#### Records to use ####

definition contractive_multiplier :: "real \<Rightarrow> (complex \<Rightarrow> complex) \<Rightarrow> bool" where
  "contractive_multiplier q \<phi> \<longleftrightarrow>
     (\<forall>f \<in> H2q q. \<exists>g \<in> H2q q.
        (\<forall>z. cmod z < 1 / sqrt (1 - q) \<longrightarrow> \<phi> z * (\<Sum>k. f k * z ^ k) = (\<Sum>k. g k * z ^ k))
        \<and> H2q_norm q g \<le> H2q_norm q f)"

lemma contractive_multiplier_blaschke_q:
  assumes "0 \<le> q" "q < 1" "cmod a < 1"
  shows "contractive_multiplier q (blaschke_q a q)"
  unfolding contractive_multiplier_def
  using blaschke_coeffs_in_H2q[OF assms] H2q_norm_blaschke_coeffs_le[OF assms]
    blaschke_q_mult_power_series[OF assms] by blast

lemma Eq_gram_sums:
  fixes z c :: "nat \<Rightarrow> complex"
  assumes q: "0 \<le> q" "q < 1" and z: "\<forall>i<n. cmod (z i) < 1 / sqrt (1 - q)"
  shows "(\<lambda>k. complex_of_real ((cmod (\<Sum>i<n. c i * z i ^ k))\<^sup>2 / qfact q k))
           sums (\<Sum>i<n. \<Sum>j<n. c i * cnj (c j) * Eq q (z i * cnj (z j)))"
proof -
  have Eq_sums: "(\<lambda>k. (z i * cnj (z j)) ^ k / complex_of_real (qfact q k)) sums Eq q (z i * cnj (z j))"
    if "i < n" "j < n" for i j
  proof -
    have "summable (\<lambda>k. (cmod (z i) * cmod (z j)) ^ k / qfact q k)"
      using summable_power_divide_qfact[OF q] qdisc_norm_mult_lt[OF q(2)] z that by simp
    then have "summable (\<lambda>k. (z i * cnj (z j)) ^ k / complex_of_real (qfact q k))"
      by (rule summable_comparison_test')
        (simp add: norm_mult norm_power norm_divide abs_of_pos[OF qfact_pos[OF q(1)]])
    then show ?thesis
      unfolding Eq_def by (rule summable_sums)
  qed
  have gram_term: "(\<Sum>i<n. \<Sum>j<n. c i * cnj (c j) * ((z i * cnj (z j)) ^ k / complex_of_real (qfact q k)))
      = complex_of_real ((cmod (\<Sum>i<n. c i * z i ^ k))\<^sup>2 / qfact q k)" for k
  proof -
    have "(\<Sum>i<n. \<Sum>j<n. c i * cnj (c j) * ((z i * cnj (z j)) ^ k / complex_of_real (qfact q k)))
        = (\<Sum>i<n. \<Sum>j<n. (c i * z i ^ k) * cnj (c j * z j ^ k)) / complex_of_real (qfact q k)"
      by (simp add: sum_divide_distrib power_mult_distrib mult_ac)
    also have "\<dots> = (\<Sum>i<n. c i * z i ^ k) * cnj (\<Sum>j<n. c j * z j ^ k) / complex_of_real (qfact q k)"
      by (simp only: cnj_sum sum_product)
    also have "\<dots> = complex_of_real ((cmod (\<Sum>i<n. c i * z i ^ k))\<^sup>2 / qfact q k)"
      by (simp only: of_real_divide complex_norm_square)
    finally show ?thesis .
  qed
  have "(\<lambda>k. \<Sum>i<n. \<Sum>j<n. c i * cnj (c j) * ((z i * cnj (z j)) ^ k / complex_of_real (qfact q k)))
      sums (\<Sum>i<n. \<Sum>j<n. c i * cnj (c j) * Eq q (z i * cnj (z j)))"
    using Eq_sums by (intro sums_sum sums_mult) auto
  then show ?thesis
    by (simp only: gram_term)
qed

####

▶ Work to be completed:
Retype the first line of the entries and every line after it, please, through the line that contains "by (simp add: sum_divide_distrib". Add nothing.

▶ Result of this exercise:
definition contractive_multiplier :: "real \<Rightarrow> (complex \<Rightarrow> complex) \<Rightarrow> bool" where
  "contractive_multiplier q \<phi> \<longleftrightarrow>
     (\<forall>f \<in> H2q q. \<exists>g \<in> H2q q.
        (\<forall>z. cmod z < 1 / sqrt (1 - q) \<longrightarrow> \<phi> z * (\<Sum>k. f k * z ^ k) = (\<Sum>k. g k * z ^ k))
        \<and> H2q_norm q g \<le> H2q_norm q f)"

lemma contractive_multiplier_blaschke_q:
  assumes "0 \<le> q" "q < 1" "cmod a < 1"
  shows "contractive_multiplier q (blaschke_q a q)"
  unfolding contractive_multiplier_def
  using blaschke_coeffs_in_H2q[OF assms] H2q_norm_blaschke_coeffs_le[OF assms]
    blaschke_q_mult_power_series[OF assms] by blast

lemma Eq_gram_sums:
  fixes z c :: "nat \<Rightarrow> complex"
  assumes q: "0 \<le> q" "q < 1" and z: "\<forall>i<n. cmod (z i) < 1 / sqrt (1 - q)"
  shows "(\<lambda>k. complex_of_real ((cmod (\<Sum>i<n. c i * z i ^ k))\<^sup>2 / qfact q k))
           sums (\<Sum>i<n. \<Sum>j<n. c i * cnj (c j) * Eq q (z i * cnj (z j)))"
proof -
  have Eq_sums: "(\<lambda>k. (z i * cnj (z j)) ^ k / complex_of_real (qfact q k)) sums Eq q (z i * cnj (z j))"
    if "i < n" "j < n" for i j
  proof -
    have "summable (\<lambda>k. (cmod (z i) * cmod (z j)) ^ k / qfact q k)"
      using summable_power_divide_qfact[OF q] qdisc_norm_mult_lt[OF q(2)] z that by simp
    then have "summable (\<lambda>k. (z i * cnj (z j)) ^ k / complex_of_real (qfact q k))"
      by (rule summable_comparison_test')
        (simp add: norm_mult norm_power norm_divide abs_of_pos[OF qfact_pos[OF q(1)]])
    then show ?thesis
      unfolding Eq_def by (rule summable_sums)
  qed
  have gram_term: "(\<Sum>i<n. \<Sum>j<n. c i * cnj (c j) * ((z i * cnj (z j)) ^ k / complex_of_real (qfact q k)))
      = complex_of_real ((cmod (\<Sum>i<n. c i * z i ^ k))\<^sup>2 / qfact q k)" for k
  proof -
    have "(\<Sum>i<n. \<Sum>j<n. c i * cnj (c j) * ((z i * cnj (z j)) ^ k / complex_of_real (qfact q k)))
        = (\<Sum>i<n. \<Sum>j<n. (c i * z i ^ k) * cnj (c j * z j ^ k)) / complex_of_real (qfact q k)"
      by (simp add: sum_divide_distrib power_mult_distrib mult_ac)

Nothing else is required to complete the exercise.